Stored items

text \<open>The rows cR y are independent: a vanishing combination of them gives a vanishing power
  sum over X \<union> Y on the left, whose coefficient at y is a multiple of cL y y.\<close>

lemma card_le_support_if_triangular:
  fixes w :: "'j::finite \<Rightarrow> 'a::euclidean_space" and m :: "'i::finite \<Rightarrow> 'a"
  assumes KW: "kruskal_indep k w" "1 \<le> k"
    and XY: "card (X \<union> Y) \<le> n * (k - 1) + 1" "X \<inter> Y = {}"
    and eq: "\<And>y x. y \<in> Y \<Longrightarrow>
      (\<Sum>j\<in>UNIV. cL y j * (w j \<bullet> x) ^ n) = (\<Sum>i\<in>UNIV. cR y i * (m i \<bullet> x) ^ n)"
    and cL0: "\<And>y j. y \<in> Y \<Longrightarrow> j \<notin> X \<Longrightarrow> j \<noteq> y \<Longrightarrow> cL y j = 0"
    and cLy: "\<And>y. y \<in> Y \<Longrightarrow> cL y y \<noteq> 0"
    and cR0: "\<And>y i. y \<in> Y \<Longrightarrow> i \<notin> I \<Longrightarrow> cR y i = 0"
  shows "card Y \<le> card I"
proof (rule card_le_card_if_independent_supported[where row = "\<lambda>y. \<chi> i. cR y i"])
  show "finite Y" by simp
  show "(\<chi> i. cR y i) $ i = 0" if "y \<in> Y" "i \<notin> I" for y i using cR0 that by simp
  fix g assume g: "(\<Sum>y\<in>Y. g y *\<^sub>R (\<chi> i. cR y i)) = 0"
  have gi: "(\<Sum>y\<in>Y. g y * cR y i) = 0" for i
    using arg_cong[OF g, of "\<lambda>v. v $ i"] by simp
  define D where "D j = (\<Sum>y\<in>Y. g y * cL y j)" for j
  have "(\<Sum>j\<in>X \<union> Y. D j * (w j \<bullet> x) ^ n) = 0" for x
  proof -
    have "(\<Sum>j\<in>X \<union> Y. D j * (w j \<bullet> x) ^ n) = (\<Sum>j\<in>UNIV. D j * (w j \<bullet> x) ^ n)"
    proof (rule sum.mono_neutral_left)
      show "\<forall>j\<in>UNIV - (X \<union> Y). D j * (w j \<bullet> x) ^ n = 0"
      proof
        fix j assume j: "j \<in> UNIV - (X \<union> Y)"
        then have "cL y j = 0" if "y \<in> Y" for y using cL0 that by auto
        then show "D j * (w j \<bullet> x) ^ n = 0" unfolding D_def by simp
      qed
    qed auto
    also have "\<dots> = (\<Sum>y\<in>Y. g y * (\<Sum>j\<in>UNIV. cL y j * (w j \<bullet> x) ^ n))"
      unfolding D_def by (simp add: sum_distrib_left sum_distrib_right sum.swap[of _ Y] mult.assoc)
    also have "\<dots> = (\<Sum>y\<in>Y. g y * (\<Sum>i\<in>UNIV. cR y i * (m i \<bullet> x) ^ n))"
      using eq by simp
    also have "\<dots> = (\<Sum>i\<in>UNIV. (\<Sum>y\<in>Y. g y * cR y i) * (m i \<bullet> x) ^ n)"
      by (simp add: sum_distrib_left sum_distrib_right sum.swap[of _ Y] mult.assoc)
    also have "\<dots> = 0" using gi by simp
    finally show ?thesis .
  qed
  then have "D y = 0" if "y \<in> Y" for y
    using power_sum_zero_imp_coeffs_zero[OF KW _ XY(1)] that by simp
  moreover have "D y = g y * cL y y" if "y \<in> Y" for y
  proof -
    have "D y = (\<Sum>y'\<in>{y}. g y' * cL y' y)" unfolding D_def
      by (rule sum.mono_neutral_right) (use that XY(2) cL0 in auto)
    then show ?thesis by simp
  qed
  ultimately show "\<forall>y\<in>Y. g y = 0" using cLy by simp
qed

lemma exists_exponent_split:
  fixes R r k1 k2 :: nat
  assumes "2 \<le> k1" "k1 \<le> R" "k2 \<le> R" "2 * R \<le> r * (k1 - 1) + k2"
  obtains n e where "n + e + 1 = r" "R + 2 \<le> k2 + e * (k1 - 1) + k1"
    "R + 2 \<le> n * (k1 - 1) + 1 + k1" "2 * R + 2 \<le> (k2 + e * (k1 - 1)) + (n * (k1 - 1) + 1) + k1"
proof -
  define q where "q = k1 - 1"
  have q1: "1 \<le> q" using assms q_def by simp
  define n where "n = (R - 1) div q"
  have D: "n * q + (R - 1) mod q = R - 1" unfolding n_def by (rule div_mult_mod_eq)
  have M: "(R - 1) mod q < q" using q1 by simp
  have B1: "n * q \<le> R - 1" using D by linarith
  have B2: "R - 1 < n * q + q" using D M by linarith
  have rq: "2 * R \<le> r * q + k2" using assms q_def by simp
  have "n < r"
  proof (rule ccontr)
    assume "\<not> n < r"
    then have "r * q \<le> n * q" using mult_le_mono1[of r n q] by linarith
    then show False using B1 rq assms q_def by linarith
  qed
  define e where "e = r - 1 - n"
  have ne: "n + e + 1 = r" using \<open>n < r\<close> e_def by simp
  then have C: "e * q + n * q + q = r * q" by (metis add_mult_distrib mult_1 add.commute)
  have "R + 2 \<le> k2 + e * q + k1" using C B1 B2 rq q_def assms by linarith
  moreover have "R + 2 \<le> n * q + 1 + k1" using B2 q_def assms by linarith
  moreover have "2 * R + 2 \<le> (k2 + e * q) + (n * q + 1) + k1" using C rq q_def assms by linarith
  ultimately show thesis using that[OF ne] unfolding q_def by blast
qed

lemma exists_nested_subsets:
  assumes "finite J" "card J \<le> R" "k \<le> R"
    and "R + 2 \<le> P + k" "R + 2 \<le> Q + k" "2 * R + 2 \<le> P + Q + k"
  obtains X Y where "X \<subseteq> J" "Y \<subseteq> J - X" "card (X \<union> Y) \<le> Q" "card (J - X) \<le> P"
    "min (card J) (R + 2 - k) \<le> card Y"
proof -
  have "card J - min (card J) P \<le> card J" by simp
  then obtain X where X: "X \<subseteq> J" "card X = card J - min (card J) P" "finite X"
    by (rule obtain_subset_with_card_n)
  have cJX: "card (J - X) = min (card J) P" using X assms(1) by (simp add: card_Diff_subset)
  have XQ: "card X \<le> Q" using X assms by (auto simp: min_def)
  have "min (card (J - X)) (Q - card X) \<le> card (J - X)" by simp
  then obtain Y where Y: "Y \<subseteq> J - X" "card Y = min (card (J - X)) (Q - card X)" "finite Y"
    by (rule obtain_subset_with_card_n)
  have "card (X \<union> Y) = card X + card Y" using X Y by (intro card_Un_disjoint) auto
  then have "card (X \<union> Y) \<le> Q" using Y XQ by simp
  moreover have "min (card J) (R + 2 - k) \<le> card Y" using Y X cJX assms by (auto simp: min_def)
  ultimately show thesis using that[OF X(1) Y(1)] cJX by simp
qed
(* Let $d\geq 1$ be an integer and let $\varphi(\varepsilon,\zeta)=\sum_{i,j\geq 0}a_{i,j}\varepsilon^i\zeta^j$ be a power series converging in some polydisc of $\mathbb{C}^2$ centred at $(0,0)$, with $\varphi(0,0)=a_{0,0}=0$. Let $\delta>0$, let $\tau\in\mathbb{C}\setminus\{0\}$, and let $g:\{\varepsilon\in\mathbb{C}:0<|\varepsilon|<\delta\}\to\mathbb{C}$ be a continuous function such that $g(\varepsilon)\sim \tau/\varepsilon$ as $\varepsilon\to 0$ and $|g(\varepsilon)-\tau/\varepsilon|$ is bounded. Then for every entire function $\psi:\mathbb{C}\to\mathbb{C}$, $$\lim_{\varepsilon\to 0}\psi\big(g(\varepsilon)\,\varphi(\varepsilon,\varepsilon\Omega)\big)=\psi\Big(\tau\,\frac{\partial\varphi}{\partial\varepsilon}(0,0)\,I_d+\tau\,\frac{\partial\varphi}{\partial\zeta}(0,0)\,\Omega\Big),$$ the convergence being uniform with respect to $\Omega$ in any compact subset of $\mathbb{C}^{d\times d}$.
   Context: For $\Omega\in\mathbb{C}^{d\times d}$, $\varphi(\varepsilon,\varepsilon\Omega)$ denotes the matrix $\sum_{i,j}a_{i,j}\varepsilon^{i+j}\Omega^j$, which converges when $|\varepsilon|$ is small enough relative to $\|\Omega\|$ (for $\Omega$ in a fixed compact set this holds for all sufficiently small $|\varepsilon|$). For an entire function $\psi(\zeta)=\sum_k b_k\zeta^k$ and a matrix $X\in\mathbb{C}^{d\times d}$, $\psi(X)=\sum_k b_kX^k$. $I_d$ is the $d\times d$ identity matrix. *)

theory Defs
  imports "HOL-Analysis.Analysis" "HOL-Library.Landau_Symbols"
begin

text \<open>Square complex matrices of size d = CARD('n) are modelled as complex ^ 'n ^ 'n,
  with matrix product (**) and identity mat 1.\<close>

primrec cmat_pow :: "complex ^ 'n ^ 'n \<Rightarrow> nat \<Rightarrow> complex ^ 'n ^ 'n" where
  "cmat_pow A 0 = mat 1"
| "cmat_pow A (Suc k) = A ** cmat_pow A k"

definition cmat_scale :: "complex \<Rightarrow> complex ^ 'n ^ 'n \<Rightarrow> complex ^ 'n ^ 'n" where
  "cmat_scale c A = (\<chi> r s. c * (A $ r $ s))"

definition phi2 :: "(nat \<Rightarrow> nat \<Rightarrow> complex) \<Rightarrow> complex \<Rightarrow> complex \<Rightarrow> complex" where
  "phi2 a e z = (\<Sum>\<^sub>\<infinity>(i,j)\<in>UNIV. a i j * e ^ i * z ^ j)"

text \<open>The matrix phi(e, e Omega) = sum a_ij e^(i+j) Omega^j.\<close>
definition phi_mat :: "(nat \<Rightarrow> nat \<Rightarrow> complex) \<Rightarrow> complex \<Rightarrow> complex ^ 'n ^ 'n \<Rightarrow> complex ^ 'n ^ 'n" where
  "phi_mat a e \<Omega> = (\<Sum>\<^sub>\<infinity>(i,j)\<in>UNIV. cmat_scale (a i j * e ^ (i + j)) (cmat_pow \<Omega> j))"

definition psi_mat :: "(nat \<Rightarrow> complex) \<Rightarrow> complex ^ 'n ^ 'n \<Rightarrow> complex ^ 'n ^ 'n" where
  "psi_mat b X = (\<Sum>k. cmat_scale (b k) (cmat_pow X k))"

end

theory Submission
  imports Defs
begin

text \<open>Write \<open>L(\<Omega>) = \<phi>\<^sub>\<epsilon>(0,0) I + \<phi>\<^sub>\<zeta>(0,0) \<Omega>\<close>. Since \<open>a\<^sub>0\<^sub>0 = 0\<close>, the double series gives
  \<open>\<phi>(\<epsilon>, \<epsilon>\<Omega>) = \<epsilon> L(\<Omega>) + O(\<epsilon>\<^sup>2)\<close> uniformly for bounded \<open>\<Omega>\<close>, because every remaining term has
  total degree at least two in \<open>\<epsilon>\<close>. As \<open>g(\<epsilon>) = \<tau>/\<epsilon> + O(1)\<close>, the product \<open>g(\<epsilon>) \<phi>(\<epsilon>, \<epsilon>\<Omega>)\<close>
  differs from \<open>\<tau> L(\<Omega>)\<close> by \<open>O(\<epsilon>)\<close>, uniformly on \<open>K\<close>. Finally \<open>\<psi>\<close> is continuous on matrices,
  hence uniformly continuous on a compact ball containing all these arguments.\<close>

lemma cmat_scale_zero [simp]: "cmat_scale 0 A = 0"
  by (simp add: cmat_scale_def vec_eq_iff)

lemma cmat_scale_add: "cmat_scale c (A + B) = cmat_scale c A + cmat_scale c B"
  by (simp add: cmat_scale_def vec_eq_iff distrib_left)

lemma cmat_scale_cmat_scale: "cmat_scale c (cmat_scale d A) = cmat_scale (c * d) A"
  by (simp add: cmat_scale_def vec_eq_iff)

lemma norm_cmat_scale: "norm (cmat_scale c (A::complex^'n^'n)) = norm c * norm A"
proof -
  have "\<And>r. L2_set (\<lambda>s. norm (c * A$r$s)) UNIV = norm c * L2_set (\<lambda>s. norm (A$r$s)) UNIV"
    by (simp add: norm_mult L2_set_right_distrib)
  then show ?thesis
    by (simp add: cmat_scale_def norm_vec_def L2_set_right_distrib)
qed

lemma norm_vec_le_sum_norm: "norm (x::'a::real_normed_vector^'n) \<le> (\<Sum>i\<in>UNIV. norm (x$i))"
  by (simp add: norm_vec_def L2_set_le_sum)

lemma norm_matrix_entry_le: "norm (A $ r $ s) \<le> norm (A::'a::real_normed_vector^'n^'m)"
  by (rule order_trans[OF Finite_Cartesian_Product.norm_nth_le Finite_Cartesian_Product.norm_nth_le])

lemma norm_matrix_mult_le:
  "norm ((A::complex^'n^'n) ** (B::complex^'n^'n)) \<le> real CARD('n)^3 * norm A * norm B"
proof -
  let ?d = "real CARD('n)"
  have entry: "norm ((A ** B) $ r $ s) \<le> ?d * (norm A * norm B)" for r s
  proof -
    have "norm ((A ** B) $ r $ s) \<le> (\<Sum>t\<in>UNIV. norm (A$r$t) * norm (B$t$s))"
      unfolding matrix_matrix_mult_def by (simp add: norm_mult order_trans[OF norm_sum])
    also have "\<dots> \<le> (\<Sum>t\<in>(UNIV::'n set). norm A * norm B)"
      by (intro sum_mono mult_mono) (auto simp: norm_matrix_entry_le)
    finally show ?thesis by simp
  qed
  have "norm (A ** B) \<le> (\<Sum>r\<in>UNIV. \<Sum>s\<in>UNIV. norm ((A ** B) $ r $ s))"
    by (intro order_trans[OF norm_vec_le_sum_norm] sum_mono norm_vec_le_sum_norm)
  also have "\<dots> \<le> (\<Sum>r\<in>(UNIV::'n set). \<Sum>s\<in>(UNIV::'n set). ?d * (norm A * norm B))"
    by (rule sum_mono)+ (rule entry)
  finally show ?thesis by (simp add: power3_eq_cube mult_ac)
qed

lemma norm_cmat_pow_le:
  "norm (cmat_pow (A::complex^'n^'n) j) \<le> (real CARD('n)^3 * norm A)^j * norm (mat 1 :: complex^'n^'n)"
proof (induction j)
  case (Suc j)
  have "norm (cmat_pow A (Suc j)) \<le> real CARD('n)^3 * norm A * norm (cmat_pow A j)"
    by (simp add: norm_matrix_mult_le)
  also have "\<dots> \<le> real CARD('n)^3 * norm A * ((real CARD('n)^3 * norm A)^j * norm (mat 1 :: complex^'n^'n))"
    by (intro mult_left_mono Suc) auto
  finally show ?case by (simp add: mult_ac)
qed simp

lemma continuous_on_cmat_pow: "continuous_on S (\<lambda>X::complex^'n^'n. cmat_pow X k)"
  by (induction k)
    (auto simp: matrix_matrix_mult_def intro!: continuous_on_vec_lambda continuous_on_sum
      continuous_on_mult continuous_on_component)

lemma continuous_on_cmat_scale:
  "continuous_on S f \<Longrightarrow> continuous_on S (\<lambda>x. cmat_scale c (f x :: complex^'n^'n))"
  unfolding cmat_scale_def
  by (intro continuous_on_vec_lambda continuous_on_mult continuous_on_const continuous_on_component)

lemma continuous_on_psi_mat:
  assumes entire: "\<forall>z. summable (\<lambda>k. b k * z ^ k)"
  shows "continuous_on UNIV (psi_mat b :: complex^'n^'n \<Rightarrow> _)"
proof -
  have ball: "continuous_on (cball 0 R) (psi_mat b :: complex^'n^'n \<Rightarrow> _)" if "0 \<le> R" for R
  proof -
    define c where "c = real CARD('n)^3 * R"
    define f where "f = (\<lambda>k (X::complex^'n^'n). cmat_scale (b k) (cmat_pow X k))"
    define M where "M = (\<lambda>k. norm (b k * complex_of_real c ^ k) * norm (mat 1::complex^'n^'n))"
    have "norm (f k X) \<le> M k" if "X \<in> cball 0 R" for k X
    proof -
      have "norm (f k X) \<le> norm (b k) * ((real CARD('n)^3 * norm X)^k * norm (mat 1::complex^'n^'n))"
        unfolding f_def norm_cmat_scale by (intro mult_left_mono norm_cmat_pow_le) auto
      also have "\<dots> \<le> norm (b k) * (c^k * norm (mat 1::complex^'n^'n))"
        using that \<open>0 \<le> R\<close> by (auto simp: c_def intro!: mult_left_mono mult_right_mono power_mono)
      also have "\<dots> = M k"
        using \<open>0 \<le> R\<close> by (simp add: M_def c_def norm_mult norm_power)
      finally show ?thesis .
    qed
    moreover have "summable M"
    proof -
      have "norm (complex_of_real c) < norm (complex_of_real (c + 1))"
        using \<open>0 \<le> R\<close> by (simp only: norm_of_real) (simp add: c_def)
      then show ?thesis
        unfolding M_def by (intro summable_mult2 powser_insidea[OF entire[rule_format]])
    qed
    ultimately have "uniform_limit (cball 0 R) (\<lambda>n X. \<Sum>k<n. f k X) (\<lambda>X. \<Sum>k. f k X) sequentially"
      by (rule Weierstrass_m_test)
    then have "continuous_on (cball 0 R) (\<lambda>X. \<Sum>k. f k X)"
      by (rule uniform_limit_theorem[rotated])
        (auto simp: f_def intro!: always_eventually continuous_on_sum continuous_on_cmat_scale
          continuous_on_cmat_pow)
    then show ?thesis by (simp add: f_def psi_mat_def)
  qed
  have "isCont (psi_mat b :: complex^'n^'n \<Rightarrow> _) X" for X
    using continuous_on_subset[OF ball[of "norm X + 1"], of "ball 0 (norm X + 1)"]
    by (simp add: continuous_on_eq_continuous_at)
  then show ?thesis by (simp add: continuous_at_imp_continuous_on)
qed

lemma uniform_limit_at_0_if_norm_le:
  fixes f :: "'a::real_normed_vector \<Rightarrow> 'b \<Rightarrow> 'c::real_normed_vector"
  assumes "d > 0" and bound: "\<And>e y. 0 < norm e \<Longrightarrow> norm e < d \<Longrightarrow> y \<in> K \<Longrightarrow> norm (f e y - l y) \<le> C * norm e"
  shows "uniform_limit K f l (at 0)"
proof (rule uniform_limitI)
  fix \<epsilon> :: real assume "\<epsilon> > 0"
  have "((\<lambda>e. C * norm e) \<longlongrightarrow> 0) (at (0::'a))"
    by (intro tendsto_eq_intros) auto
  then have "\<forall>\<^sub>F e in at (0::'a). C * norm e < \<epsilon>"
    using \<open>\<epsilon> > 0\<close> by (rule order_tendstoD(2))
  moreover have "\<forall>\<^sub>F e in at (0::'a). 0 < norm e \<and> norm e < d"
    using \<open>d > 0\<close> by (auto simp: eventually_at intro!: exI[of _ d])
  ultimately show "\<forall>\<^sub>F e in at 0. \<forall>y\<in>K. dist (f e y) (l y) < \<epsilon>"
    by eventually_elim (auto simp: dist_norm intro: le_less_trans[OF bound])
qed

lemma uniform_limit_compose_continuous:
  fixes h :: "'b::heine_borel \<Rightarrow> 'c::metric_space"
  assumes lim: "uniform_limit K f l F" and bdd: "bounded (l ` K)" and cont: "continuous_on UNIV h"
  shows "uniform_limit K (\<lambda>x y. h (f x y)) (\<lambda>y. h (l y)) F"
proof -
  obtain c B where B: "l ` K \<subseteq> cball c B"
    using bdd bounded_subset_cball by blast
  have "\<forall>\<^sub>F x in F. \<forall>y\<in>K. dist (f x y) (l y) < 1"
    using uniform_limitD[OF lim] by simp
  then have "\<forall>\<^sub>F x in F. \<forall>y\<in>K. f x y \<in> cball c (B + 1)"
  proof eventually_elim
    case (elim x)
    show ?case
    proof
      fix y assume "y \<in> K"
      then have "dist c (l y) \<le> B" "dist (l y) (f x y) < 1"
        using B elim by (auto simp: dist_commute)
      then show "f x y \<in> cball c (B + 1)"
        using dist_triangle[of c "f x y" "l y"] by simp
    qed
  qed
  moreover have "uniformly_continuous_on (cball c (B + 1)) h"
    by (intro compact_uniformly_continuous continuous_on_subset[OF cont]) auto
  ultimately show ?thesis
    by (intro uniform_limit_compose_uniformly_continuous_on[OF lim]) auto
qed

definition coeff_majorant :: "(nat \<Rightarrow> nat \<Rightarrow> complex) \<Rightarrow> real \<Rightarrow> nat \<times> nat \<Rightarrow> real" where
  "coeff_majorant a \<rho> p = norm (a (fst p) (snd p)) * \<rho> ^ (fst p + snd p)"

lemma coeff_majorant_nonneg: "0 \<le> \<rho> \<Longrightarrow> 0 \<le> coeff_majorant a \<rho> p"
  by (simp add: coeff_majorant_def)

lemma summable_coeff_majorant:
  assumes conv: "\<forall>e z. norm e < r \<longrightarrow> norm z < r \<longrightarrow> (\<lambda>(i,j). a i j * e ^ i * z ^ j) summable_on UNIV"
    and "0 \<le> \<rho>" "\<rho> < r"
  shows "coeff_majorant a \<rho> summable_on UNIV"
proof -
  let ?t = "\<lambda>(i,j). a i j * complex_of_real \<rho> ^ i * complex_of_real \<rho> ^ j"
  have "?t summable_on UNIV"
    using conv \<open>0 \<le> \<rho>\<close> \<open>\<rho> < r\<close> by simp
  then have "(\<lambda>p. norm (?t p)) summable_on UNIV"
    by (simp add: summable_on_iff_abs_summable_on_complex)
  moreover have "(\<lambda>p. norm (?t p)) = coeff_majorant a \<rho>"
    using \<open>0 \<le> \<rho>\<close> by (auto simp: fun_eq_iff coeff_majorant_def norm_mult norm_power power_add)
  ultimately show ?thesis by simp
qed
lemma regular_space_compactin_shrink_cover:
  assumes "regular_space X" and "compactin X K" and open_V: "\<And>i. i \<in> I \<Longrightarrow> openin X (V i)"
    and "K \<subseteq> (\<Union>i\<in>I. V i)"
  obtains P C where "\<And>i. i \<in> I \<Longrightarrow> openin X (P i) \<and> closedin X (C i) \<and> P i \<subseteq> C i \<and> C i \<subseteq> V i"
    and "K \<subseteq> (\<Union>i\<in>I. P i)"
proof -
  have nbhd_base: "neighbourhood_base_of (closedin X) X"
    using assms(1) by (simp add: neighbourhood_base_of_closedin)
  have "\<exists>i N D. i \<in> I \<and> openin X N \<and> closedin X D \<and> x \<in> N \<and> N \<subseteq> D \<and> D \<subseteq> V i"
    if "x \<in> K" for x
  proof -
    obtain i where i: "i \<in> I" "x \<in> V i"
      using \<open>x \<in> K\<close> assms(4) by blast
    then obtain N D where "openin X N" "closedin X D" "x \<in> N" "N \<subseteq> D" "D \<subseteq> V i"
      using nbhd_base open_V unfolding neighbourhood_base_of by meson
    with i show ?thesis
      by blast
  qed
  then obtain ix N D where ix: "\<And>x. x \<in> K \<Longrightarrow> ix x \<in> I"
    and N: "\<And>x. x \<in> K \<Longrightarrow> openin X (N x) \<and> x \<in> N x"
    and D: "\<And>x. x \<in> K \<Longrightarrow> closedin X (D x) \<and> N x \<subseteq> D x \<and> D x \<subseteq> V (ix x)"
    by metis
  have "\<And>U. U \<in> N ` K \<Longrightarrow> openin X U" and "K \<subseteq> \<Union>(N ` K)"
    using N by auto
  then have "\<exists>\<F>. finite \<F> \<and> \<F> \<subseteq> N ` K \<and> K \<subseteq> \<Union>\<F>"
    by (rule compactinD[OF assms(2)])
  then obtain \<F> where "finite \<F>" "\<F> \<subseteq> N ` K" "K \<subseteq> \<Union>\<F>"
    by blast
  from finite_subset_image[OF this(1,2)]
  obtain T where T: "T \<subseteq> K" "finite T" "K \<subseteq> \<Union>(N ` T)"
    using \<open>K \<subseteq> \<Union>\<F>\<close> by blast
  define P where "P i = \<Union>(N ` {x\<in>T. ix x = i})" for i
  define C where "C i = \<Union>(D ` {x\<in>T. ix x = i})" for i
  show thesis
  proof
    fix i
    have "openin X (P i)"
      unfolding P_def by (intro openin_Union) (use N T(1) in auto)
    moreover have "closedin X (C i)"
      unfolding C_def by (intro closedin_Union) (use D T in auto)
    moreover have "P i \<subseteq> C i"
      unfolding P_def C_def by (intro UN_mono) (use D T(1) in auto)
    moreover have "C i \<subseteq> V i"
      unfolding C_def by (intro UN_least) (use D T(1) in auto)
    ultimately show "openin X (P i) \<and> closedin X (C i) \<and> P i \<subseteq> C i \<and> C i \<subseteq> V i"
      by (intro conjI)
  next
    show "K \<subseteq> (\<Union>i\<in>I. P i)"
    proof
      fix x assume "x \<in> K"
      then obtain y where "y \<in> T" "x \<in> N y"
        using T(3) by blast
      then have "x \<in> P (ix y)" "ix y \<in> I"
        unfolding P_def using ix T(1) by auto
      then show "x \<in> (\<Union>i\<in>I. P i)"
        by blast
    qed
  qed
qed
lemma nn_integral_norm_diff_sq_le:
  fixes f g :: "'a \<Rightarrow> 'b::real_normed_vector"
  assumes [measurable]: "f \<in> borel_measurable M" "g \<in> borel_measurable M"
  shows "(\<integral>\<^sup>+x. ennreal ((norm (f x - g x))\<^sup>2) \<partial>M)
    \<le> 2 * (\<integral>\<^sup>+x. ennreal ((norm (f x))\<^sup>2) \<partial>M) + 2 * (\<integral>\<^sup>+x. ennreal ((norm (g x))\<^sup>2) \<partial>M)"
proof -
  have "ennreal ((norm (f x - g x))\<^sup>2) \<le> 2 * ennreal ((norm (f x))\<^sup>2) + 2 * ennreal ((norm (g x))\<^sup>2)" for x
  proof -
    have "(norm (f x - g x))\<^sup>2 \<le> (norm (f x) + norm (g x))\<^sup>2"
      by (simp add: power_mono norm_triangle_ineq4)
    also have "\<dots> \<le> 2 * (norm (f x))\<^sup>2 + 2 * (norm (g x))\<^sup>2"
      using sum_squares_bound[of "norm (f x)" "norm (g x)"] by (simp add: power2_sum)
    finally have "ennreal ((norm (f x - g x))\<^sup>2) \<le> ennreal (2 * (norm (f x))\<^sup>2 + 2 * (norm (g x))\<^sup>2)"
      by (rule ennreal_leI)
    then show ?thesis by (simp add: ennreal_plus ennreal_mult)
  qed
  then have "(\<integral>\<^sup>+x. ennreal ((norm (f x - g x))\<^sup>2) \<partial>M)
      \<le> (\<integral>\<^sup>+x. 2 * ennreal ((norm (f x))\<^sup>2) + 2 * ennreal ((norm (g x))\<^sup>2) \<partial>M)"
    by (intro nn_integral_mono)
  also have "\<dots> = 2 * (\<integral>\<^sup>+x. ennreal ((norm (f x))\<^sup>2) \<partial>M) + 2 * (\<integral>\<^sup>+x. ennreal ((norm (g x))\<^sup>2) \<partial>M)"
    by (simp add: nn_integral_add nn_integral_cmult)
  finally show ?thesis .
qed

• Directions: Please copy every line in the entries where "moreover" appears.

• Result below:
  moreover have "D y = g y * cL y y" if "y \<in> Y" for y
  moreover have "R + 2 \<le> n * q + 1 + k1" using B2 q_def assms by linarith
  moreover have "2 * R + 2 \<le> (k2 + e * q) + (n * q + 1) + k1" using C rq q_def assms by linarith
  moreover have "min (card J) (R + 2 - k) \<le> card Y" using Y X cJX assms by (auto simp: min_def)
    moreover have "summable M"
  moreover have "\<forall>\<^sub>F e in at (0::'a). 0 < norm e \<and> norm e < d"
  moreover have "uniformly_continuous_on (cball c (B + 1)) h"
  moreover have "(\<lambda>p. norm (?t p)) = coeff_majorant a \<rho>"
    moreover have "closedin X (C i)"
    moreover have "P i \<subseteq> C i"
    moreover have "C i \<subseteq> V i"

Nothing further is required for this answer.